▶ EXERCISE BRIEF
Repeat exactly the lines from the first line of the records through the line containing "theory Defs", and nothing more.

▶ EXCERPTED RECORDS
==========

(* For each of the ranking measures NDCG, MAP and AUC, with binary relevance vectors and top-1 feedback, there is a number of objects $m$ for which the global observability condition fails for the corresponding game: there exist learner actions $\sigma_i,\sigma_j$ with $\ell_i-\ell_j\notin\bigoplus_{k\in[m!]}\mathrm{Col}(S_k^\top)$.
   Context: Objects are $\{1,\dots,m\}$; learner actions are the permutations $\sigma_1,\dots,\sigma_{m!}$ of $[m]$ ($\sigma(i)$ = rank of object $i$, $\sigma^{-1}(j)$ = object at rank $j$); adversary actions are $r_1,\dots,r_{2^m}$ enumerating $\{0,1\}^m$. Measures: $NDCG(\sigma,r)=\frac{1}{Z(r)}\sum_{i=1}^m\frac{r(i)}{\log_2(1+\sigma(i))}$ with $Z(r)=\max_\sigma\sum_{i}\frac{r(i)}{\log_2(1+\sigma(i))}$; $MAP(\sigma,r)=\frac{1}{\|r\|_1}\sum_{i=1}^m\frac{\sum_{j\le i}\mathbb{1}(r(\sigma^{-1}(j))=1)}{i}\mathbb{1}(r(\sigma^{-1}(i))=1)$; $AUC(\sigma,r)=\frac{1}{N(r)}\sum_{i,j}\mathbb{1}(\sigma(i)<\sigma(j))\mathbb{1}(r(i)<r(j))$ with $N(r)=\|r\|_1(m-\|r\|_1)$ (for $r$ with $Z(r)$, $\|r\|_1$ or $N(r)$ zero the measure is taken to be a constant, e.g. $1$ for the gains NDCG, MAP and $0$ for the loss AUC). For a given measure $RL$, the loss (or gain) matrix has entries $L_{i,j}=RL(\sigma_i,r_j)$ with rows $\ell_i$; the feedback matrix has $H_{i,j}=r_j(\sigma_i^{-1}(1))$; the signal matrix $S_i\in\{0,1\}^{2\times2^m}$ has $(S_i)_{1,\ell}=\mathbb{1}(H_{i,\ell}=0)$, $(S_i)_{2,\ell}=\mathbb{1}(H_{i,\ell}=1)$. Global observability holds if $\ell_i-\ell_j\in\bigoplus_{k\in[m!]}\mathrm{Col}(S_k^\top)$ for all pairs $i,j$. *)

theory Defs
  imports Complex_Main "HOL-Combinatorics.Permutations"
begin

text \<open>A learner action is a permutation sigma of {1..m}
  (sigma i = rank of object i; inv sigma j = object at rank j).
  Adversary actions: binary relevance vectors r, represented as nat => nat
  with values in {0,1} on {1..m} and 0 outside (so there are exactly 2^m of them).\<close>

definition perms :: "nat \<Rightarrow> (nat \<Rightarrow> nat) set" where
  "perms m = {\<sigma>. \<sigma> permutes {1..m}}"

definition relvecs :: "nat \<Rightarrow> (nat \<Rightarrow> nat) set" where
  "relvecs m = {r. (\<forall>i\<in>{1..m}. r i \<in> {0,1}) \<and> (\<forall>i. i \<notin> {1..m} \<longrightarrow> r i = 0)}"

definition norm1 :: "nat \<Rightarrow> (nat \<Rightarrow> nat) \<Rightarrow> nat" where
  "norm1 m r = (\<Sum>i=1..m. r i)"

definition DCG :: "nat \<Rightarrow> (nat \<Rightarrow> nat) \<Rightarrow> (nat \<Rightarrow> nat) \<Rightarrow> real" where
  "DCG m \<sigma> r = (\<Sum>i=1..m. real (r i) / log 2 (1 + real (\<sigma> i)))"

definition Zmax :: "nat \<Rightarrow> (nat \<Rightarrow> nat) \<Rightarrow> real" where
  "Zmax m r = Max ((\<lambda>\<tau>. DCG m \<tau> r) ` perms m)"

definition NDCG :: "nat \<Rightarrow> (nat \<Rightarrow> nat) \<Rightarrow> (nat \<Rightarrow> nat) \<Rightarrow> real" where
  "NDCG m \<sigma> r = (if Zmax m r = 0 then 1 else DCG m \<sigma> r / Zmax m r)"

definition MAP :: "nat \<Rightarrow> (nat \<Rightarrow> nat) \<Rightarrow> (nat \<Rightarrow> nat) \<Rightarrow> real" where
  "MAP m \<sigma> r = (if norm1 m r = 0 then 1 else
     (1 / real (norm1 m r)) *
     (\<Sum>i=1..m. (real (card {j\<in>{1..i}. r (inv \<sigma> j) = 1}) / real i) *
                 (if r (inv \<sigma> i) = 1 then 1 else 0)))"

definition AUC :: "nat \<Rightarrow> (nat \<Rightarrow> nat) \<Rightarrow> (nat \<Rightarrow> nat) \<Rightarrow> real" where
  "AUC m \<sigma> r = (let N = norm1 m r * (m - norm1 m r) in
     if N = 0 then 0 else
     (1 / real N) * (\<Sum>i=1..m. \<Sum>j=1..m.
        (if \<sigma> i < \<sigma> j then 1 else 0) * (if r i < r j then 1 else 0)))"

text \<open>Top-1 feedback H(sigma, r) = r(sigma^{-1}(1)); the signal matrix S_sigma has
  rows indexed by b in {0,1}: (S_sigma)_{b,r} = 1(H(sigma,r) = b).\<close>

definition feedback :: "(nat \<Rightarrow> nat) \<Rightarrow> (nat \<Rightarrow> nat) \<Rightarrow> nat" where
  "feedback \<sigma> r = r (inv \<sigma> 1)"

definition signal :: "(nat \<Rightarrow> nat) \<Rightarrow> nat \<Rightarrow> (nat \<Rightarrow> nat) \<Rightarrow> real" where
  "signal \<sigma> b r = (if feedback \<sigma> r = b then 1 else 0)"

text \<open>Global observability: for all learner actions sigma, tau, the difference of loss rows
  (vectors indexed by the relevance vectors) lies in the sum over all k of Col(S_k^T),
  i.e. equals sum_k S_k^T v_k for some v_k in R^2.\<close>

definition globally_observable ::
  "nat \<Rightarrow> (nat \<Rightarrow> (nat \<Rightarrow> nat) \<Rightarrow> (nat \<Rightarrow> nat) \<Rightarrow> real) \<Rightarrow> bool" where
  "globally_observable m RL \<longleftrightarrow>
     (\<forall>\<sigma>\<in>perms m. \<forall>\<tau>\<in>perms m. \<exists>v :: (nat \<Rightarrow> nat) \<Rightarrow> nat \<Rightarrow> real.
        \<forall>r\<in>relvecs m. RL m \<sigma> r - RL m \<tau> r =
          (\<Sum>\<rho>\<in>perms m. \<Sum>b\<in>{0,1}. v \<rho> b * signal \<rho> b r))"

end

theory Submission
  imports Defs
begin

text \<open>Top-1 feedback reveals only the single coordinate r(inv \<rho> 1) of r, so every
  vector in the span of the signal rows is modular on indicator vectors of sets:
  f(1_{}) + f(1_(A \<union> B)) = f(1_A) + f(1_B) for disjoint A and B. With four objects,
  the identity ranking and the ranking swapping ranks 2 and 3 have a loss difference
  that is not modular for A = {3}, B = {4}, under each of NDCG, MAP and AUC.\<close>

definition relevance :: "nat set \<Rightarrow> nat \<Rightarrow> nat" where
  "relevance S i = (if i \<in> S then 1 else 0)"

lemma relevance_in_relvecs: "S \<subseteq> {1..m} \<Longrightarrow> relevance S \<in> relvecs m"
  by (auto simp: relvecs_def relevance_def)

lemma signal_relevance_modular:
  assumes "A \<inter> B = {}"
  shows "signal \<rho> b (relevance {}) + signal \<rho> b (relevance (A \<union> B))
       = signal \<rho> b (relevance A) + signal \<rho> b (relevance B)"
  using assms by (auto simp: signal_def feedback_def relevance_def)

lemma globally_observable_gap_modular:
  assumes obs: "globally_observable m RL" and "\<sigma> \<in> perms m" "\<tau> \<in> perms m"
    and AB: "A \<union> B \<subseteq> {1..m}" "A \<inter> B = {}"
  defines "gap S \<equiv> RL m \<sigma> (relevance S) - RL m \<tau> (relevance S)"
  shows "gap {} + gap (A \<union> B) = gap A + gap B"
proof -
  obtain v where v: "\<And>r. r \<in> relvecs m \<Longrightarrow> RL m \<sigma> r - RL m \<tau> r =
      (\<Sum>\<rho>\<in>perms m. \<Sum>b\<in>{0,1}. v \<rho> b * signal \<rho> b r)"
    using obs assms(2,3) unfolding globally_observable_def by blast
  have gap: "gap S = (\<Sum>\<rho>\<in>perms m. \<Sum>b\<in>{0,1}. v \<rho> b * signal \<rho> b (relevance S))"
    if "S \<subseteq> A \<union> B" for S
    unfolding gap_def using that AB(1) by (intro v relevance_in_relvecs) auto
  have "v \<rho> b * signal \<rho> b (relevance {}) + v \<rho> b * signal \<rho> b (relevance (A \<union> B))
      = v \<rho> b * signal \<rho> b (relevance A) + v \<rho> b * signal \<rho> b (relevance B)" for \<rho> b
    by (simp only: distrib_left[symmetric] signal_relevance_modular[OF AB(2)])
  then show ?thesis
    by (simp only: gap Un_upper1 Un_upper2 empty_subsetI order_refl sum.distrib[symmetric])
qed

lemma finite_perms: "finite (perms m)"
  unfolding perms_def by (rule finite_permutations) simp

lemma DCG_le_Zmax: "\<tau> \<in> perms m \<Longrightarrow> DCG m \<tau> r \<le> Zmax m r"
  unfolding Zmax_def by (simp add: finite_perms)

lemma DCG_relevance_singleton:
  assumes "k \<in> {1..m}"
  shows "DCG m \<rho> (relevance {k}) = 1 / log 2 (1 + real (\<rho> k))"
proof -
  have "DCG m \<rho> (relevance {k}) = (\<Sum>i\<in>{1..m}. if i = k then 1 / log 2 (1 + real (\<rho> i)) else 0)"
    unfolding DCG_def relevance_def by (intro sum.cong) auto
  also have "\<dots> = 1 / log 2 (1 + real (\<rho> k))"
    using assms by simp
  finally show ?thesis .
qed

lemma Zmax_relevance_singleton:
  assumes k: "k \<in> {1..m}"
  shows "Zmax m (relevance {k}) = 1"
proof (rule antisym)
  have "DCG m \<rho> (relevance {k}) \<le> 1" if "\<rho> \<in> perms m" for \<rho>
  proof -
    have "\<rho> k \<in> {1..m}"
      using that k permutes_in_image by (fastforce simp: perms_def)
    then have "1 \<le> log 2 (1 + real (\<rho> k))" by simp
    then show ?thesis using k by (simp add: DCG_relevance_singleton)
  qed
  moreover have "perms m \<noteq> {}"
    unfolding perms_def using permutes_id by blast
  ultimately show "Zmax m (relevance {k}) \<le> 1"
    unfolding Zmax_def by (simp add: finite_perms)
  have "Transposition.transpose 1 k \<in> perms m"
    using k by (simp add: perms_def permutes_swap_id)
  moreover have "DCG m (Transposition.transpose 1 k) (relevance {k}) = 1"
    using k by (simp add: DCG_relevance_singleton)
  ultimately show "1 \<le> Zmax m (relevance {k})"
    by (metis DCG_le_Zmax)
qed

abbreviation swap23 :: "nat \<Rightarrow> nat" where
  "swap23 \<equiv> Transposition.transpose 2 3"

lemma not_globally_observable_4:
  assumes "RL 4 id (relevance {}) - RL 4 swap23 (relevance {})
         + (RL 4 id (relevance {3,4}) - RL 4 swap23 (relevance {3,4}))
         \<noteq> RL 4 id (relevance {3}) - RL 4 swap23 (relevance {3})
         + (RL 4 id (relevance {4}) - RL 4 swap23 (relevance {4}))"
  shows "\<not> globally_observable 4 RL"
proof
  have "id \<in> perms 4" "swap23 \<in> perms 4"
    by (simp_all add: perms_def permutes_id permutes_swap_id)
  moreover assume "globally_observable 4 RL"
  ultimately show False
    using globally_observable_gap_modular[of 4 RL id swap23 "{3}" "{4}"] assms
    by (simp add: insert_commute)
qed

lemma initial_segments_4:
  "{1..1::nat} = {1}" "{1..2::nat} = {1,2}" "{1..3::nat} = {1,2,3}" "{1..4::nat} = {1,2,3,4}"
  by auto

lemma sum_1_to_4: "sum f {1..4::nat} = f 1 + f 2 + f 3 + f 4"
  unfolding initial_segments_4 by (simp add: add.assoc)

lemma Collect_mem_insert:
  "{x \<in> insert a A. P x} = (if P a then insert a {x \<in> A. P x} else {x \<in> A. P x})"
  by auto

lemma MAP_not_globally_observable: "\<not> globally_observable 4 MAP"
  \<comment> \<open>the differences id - swap23 at {}, {3,4}, {3}, {4} are 0, -1/12, -1/6, 0\<close>
  by (rule not_globally_observable_4)
    (unfold MAP_def norm1_def sum_1_to_4, unfold initial_segments_4 Collect_mem_insert,
     simp add: relevance_def)

lemma AUC_not_globally_observable: "\<not> globally_observable 4 AUC"
  \<comment> \<open>the differences id - swap23 at {}, {3,4}, {3}, {4} are 0, 1/4, 1/3, 0\<close>
  by (rule not_globally_observable_4) (unfold AUC_def norm1_def sum_1_to_4, simp add: relevance_def)

lemma NDCG_not_globally_observable: "\<not> globally_observable 4 NDCG"
proof -
  define D where "D = 1/2 - 1 / log 2 (3::real)"
  define Z where "Z = Zmax 4 (relevance {3,4})"
  have "log 2 (3::real) < log 2 4"
    by simp
  moreover have log_2_4: "log 2 (4::real) = 2"
    using log_pow_cancel[of "2::real" 2] by simp
  ultimately have "D \<noteq> 0" and log3_pos: "0 < 1 / log 2 (3::real)"
    unfolding D_def by auto
  define \<rho> :: "nat \<Rightarrow> nat" where "\<rho> = Transposition.transpose 1 3 \<circ> Transposition.transpose 2 4"
  have "1 + 1 / log 2 3 = DCG 4 \<rho> (relevance {3,4})"
    unfolding \<rho>_def DCG_def sum_1_to_4 by (simp add: relevance_def)
  also have "\<dots> \<le> Z"
    unfolding Z_def \<rho>_def
    by (rule DCG_le_Zmax) (auto simp: perms_def intro!: permutes_compose permutes_swap_id)
  finally have "1 < Z"
    using log3_pos by linarith
  moreover have "NDCG 4 id (relevance {3}) - NDCG 4 swap23 (relevance {3}) = D"
    unfolding NDCG_def Zmax_relevance_singleton[of 3 4, simplified] D_def DCG_def sum_1_to_4
    by (simp add: relevance_def log_2_4)
  moreover have "NDCG 4 id (relevance {3,4}) - NDCG 4 swap23 (relevance {3,4}) = D / Z"
    unfolding NDCG_def Z_def[symmetric] D_def DCG_def sum_1_to_4
    using \<open>1 < Z\<close> log3_pos by (simp add: relevance_def log_2_4 field_simps)
  moreover have "NDCG 4 id (relevance {}) = NDCG 4 swap23 (relevance {})"
    "NDCG 4 id (relevance {4}) = NDCG 4 swap23 (relevance {4})"
    unfolding NDCG_def DCG_def sum_1_to_4 by (simp_all add: relevance_def)
  ultimately show ?thesis
    using \<open>D \<noteq> 0\<close> \<open>1 < Z\<close> by (intro not_globally_observable_4) (simp add: divide_eq_eq)
qed

theorem lemma4:
  shows "(\<exists>m. \<not> globally_observable m NDCG) \<and>
         (\<exists>m. \<not> globally_observable m MAP) \<and>
         (\<exists>m. \<not> globally_observable m AUC)"
  using NDCG_not_globally_observable MAP_not_globally_observable AUC_not_globally_observable
  by blast

end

==========

▶ SOLUTION
(* For each of the ranking measures NDCG, MAP and AUC, with binary relevance vectors and top-1 feedback, there is a number of objects $m$ for which the global observability condition fails for the corresponding game: there exist learner actions $\sigma_i,\sigma_j$ with $\ell_i-\ell_j\notin\bigoplus_{k\in[m!]}\mathrm{Col}(S_k^\top)$.
   Context: Objects are $\{1,\dots,m\}$; learner actions are the permutations $\sigma_1,\dots,\sigma_{m!}$ of $[m]$ ($\sigma(i)$ = rank of object $i$, $\sigma^{-1}(j)$ = object at rank $j$); adversary actions are $r_1,\dots,r_{2^m}$ enumerating $\{0,1\}^m$. Measures: $NDCG(\sigma,r)=\frac{1}{Z(r)}\sum_{i=1}^m\frac{r(i)}{\log_2(1+\sigma(i))}$ with $Z(r)=\max_\sigma\sum_{i}\frac{r(i)}{\log_2(1+\sigma(i))}$; $MAP(\sigma,r)=\frac{1}{\|r\|_1}\sum_{i=1}^m\frac{\sum_{j\le i}\mathbb{1}(r(\sigma^{-1}(j))=1)}{i}\mathbb{1}(r(\sigma^{-1}(i))=1)$; $AUC(\sigma,r)=\frac{1}{N(r)}\sum_{i,j}\mathbb{1}(\sigma(i)<\sigma(j))\mathbb{1}(r(i)<r(j))$ with $N(r)=\|r\|_1(m-\|r\|_1)$ (for $r$ with $Z(r)$, $\|r\|_1$ or $N(r)$ zero the measure is taken to be a constant, e.g. $1$ for the gains NDCG, MAP and $0$ for the loss AUC). For a given measure $RL$, the loss (or gain) matrix has entries $L_{i,j}=RL(\sigma_i,r_j)$ with rows $\ell_i$; the feedback matrix has $H_{i,j}=r_j(\sigma_i^{-1}(1))$; the signal matrix $S_i\in\{0,1\}^{2\times2^m}$ has $(S_i)_{1,\ell}=\mathbb{1}(H_{i,\ell}=0)$, $(S_i)_{2,\ell}=\mathbb{1}(H_{i,\ell}=1)$. Global observability holds if $\ell_i-\ell_j\in\bigoplus_{k\in[m!]}\mathrm{Col}(S_k^\top)$ for all pairs $i,j$. *)

theory Defs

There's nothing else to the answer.